**EXERCISE DIRECTIONS:** Your answer must hold only the lines below from the line containing "(par_line p a" through the line containing "- a) \<noteq>", each reproduced exactly.

**RECORDS FOR THE EXERCISE:**

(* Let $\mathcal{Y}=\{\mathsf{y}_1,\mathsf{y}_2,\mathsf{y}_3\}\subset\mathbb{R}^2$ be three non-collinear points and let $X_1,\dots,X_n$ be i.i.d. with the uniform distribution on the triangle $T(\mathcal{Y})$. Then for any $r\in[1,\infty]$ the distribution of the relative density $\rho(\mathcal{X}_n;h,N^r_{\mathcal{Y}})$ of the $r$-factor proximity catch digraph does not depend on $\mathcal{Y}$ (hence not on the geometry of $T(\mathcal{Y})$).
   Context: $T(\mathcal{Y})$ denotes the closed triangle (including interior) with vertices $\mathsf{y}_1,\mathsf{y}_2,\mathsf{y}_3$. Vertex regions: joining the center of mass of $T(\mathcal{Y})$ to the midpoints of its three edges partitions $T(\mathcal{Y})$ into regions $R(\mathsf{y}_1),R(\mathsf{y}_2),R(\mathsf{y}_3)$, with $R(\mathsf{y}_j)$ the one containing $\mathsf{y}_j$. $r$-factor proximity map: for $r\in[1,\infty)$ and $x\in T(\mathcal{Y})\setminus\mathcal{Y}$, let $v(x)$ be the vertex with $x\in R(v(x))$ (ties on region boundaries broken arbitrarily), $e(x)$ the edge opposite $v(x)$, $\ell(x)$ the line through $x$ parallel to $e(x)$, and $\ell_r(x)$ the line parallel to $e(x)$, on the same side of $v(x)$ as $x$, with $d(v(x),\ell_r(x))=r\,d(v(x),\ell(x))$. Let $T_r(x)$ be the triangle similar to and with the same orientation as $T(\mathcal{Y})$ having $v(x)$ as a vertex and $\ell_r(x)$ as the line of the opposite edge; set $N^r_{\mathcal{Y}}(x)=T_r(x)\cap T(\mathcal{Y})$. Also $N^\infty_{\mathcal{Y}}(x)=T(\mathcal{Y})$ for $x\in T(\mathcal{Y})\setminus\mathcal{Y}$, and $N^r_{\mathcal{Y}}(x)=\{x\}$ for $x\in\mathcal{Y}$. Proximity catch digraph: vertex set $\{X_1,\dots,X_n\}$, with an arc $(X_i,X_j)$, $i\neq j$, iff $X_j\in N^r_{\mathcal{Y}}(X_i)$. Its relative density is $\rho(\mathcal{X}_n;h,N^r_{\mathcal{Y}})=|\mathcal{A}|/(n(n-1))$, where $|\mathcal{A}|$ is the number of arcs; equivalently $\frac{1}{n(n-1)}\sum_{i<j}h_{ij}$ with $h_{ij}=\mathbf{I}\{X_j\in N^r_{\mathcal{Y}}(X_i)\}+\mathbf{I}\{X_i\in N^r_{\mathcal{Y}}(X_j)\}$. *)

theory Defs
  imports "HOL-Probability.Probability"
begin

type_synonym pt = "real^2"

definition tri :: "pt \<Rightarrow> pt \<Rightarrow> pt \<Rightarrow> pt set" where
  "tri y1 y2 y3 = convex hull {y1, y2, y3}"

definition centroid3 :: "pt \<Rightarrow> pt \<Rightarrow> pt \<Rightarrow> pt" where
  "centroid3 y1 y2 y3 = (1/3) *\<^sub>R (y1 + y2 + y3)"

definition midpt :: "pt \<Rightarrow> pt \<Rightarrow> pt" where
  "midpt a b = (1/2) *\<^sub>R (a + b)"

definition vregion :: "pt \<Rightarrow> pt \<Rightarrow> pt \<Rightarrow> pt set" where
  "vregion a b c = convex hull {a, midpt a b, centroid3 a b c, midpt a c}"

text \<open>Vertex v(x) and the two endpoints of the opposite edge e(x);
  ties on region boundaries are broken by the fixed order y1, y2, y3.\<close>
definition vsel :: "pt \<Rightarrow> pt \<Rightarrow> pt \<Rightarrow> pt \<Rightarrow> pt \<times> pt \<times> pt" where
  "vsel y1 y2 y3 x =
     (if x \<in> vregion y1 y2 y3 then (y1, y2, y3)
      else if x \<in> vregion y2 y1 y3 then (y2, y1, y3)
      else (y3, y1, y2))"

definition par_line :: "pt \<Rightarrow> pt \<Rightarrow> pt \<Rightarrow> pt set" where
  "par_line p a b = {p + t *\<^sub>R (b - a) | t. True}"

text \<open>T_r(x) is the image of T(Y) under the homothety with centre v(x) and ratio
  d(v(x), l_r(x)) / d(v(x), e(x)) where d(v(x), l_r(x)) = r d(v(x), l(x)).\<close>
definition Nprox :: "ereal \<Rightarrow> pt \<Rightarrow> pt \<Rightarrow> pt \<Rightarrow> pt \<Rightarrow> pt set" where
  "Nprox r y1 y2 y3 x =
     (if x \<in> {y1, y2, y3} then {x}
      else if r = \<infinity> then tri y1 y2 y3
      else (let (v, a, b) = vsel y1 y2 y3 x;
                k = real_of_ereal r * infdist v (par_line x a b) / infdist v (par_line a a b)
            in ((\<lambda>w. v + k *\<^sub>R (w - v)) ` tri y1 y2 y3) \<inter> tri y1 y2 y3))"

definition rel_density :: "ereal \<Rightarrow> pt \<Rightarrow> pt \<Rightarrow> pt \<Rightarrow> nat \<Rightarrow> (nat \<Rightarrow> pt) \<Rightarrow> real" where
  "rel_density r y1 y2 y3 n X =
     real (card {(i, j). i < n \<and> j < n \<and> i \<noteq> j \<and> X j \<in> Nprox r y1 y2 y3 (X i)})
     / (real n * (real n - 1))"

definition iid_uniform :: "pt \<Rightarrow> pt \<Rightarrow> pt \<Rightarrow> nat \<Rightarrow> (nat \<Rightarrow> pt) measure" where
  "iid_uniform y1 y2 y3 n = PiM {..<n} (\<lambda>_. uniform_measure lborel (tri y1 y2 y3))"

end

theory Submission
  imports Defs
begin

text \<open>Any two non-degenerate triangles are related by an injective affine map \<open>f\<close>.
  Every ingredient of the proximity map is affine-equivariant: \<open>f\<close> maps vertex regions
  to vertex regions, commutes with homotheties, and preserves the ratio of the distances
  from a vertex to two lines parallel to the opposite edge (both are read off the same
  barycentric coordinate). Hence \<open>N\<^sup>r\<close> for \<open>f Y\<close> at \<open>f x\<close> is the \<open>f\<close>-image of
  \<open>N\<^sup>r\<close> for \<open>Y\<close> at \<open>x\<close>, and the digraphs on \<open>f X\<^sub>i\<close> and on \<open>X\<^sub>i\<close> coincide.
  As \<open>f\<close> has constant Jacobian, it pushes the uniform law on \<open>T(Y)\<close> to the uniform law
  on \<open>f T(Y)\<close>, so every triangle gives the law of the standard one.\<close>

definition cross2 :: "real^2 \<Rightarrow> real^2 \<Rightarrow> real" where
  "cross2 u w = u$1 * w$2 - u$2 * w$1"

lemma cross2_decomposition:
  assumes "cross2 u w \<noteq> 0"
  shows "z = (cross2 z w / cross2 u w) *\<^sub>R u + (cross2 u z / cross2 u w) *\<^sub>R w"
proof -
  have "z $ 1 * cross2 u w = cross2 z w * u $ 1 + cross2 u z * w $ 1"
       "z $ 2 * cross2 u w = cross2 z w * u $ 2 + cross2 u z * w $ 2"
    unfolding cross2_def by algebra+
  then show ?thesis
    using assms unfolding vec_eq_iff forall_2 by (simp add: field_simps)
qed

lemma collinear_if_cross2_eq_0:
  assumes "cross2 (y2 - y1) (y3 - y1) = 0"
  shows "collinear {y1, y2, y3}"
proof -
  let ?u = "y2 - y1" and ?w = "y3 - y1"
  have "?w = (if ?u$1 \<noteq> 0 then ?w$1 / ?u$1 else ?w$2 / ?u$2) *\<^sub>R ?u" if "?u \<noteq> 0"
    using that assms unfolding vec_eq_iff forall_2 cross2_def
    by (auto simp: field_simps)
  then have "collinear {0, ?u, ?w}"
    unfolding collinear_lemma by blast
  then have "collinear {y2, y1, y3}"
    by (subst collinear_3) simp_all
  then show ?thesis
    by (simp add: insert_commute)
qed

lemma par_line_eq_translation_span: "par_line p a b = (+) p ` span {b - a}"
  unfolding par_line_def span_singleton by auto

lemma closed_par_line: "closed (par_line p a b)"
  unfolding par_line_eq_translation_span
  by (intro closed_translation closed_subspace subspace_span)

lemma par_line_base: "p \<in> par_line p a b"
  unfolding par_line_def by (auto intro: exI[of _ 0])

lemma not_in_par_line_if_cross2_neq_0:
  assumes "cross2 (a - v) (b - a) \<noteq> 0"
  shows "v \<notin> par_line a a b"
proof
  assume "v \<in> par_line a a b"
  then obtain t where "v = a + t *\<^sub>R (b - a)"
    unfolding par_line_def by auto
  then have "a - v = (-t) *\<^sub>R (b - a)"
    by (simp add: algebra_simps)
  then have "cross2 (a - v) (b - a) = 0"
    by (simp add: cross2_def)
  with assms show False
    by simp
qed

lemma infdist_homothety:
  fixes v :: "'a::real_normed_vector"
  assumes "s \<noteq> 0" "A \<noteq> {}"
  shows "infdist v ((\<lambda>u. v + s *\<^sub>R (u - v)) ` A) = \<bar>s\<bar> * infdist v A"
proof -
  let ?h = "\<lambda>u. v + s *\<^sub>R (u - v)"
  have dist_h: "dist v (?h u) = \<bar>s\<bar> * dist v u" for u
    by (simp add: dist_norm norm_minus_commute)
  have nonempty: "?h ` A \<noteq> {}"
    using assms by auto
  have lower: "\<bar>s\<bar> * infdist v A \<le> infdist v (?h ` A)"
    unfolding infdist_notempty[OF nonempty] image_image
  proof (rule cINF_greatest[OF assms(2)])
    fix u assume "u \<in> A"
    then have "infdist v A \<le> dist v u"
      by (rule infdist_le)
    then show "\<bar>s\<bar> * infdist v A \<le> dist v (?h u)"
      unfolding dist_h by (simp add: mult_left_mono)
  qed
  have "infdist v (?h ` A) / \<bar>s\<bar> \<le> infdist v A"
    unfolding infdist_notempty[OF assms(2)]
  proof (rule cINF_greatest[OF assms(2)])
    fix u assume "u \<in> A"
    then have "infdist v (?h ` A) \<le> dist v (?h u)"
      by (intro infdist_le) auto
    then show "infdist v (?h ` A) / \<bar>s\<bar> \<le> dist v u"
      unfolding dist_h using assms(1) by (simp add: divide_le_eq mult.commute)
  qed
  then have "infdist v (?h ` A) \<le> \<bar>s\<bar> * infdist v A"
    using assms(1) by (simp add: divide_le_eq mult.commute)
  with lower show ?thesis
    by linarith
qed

**RESPONSE AREA:**
lemma closed_par_line: "closed (par_line p a b)"
  unfolding par_line_eq_translation_span
  by (intro closed_translation closed_subspace subspace_span)

lemma par_line_base: "p \<in> par_line p a b"
  unfolding par_line_def by (auto intro: exI[of _ 0])

lemma not_in_par_line_if_cross2_neq_0:
  assumes "cross2 (a - v) (b - a) \<noteq> 0"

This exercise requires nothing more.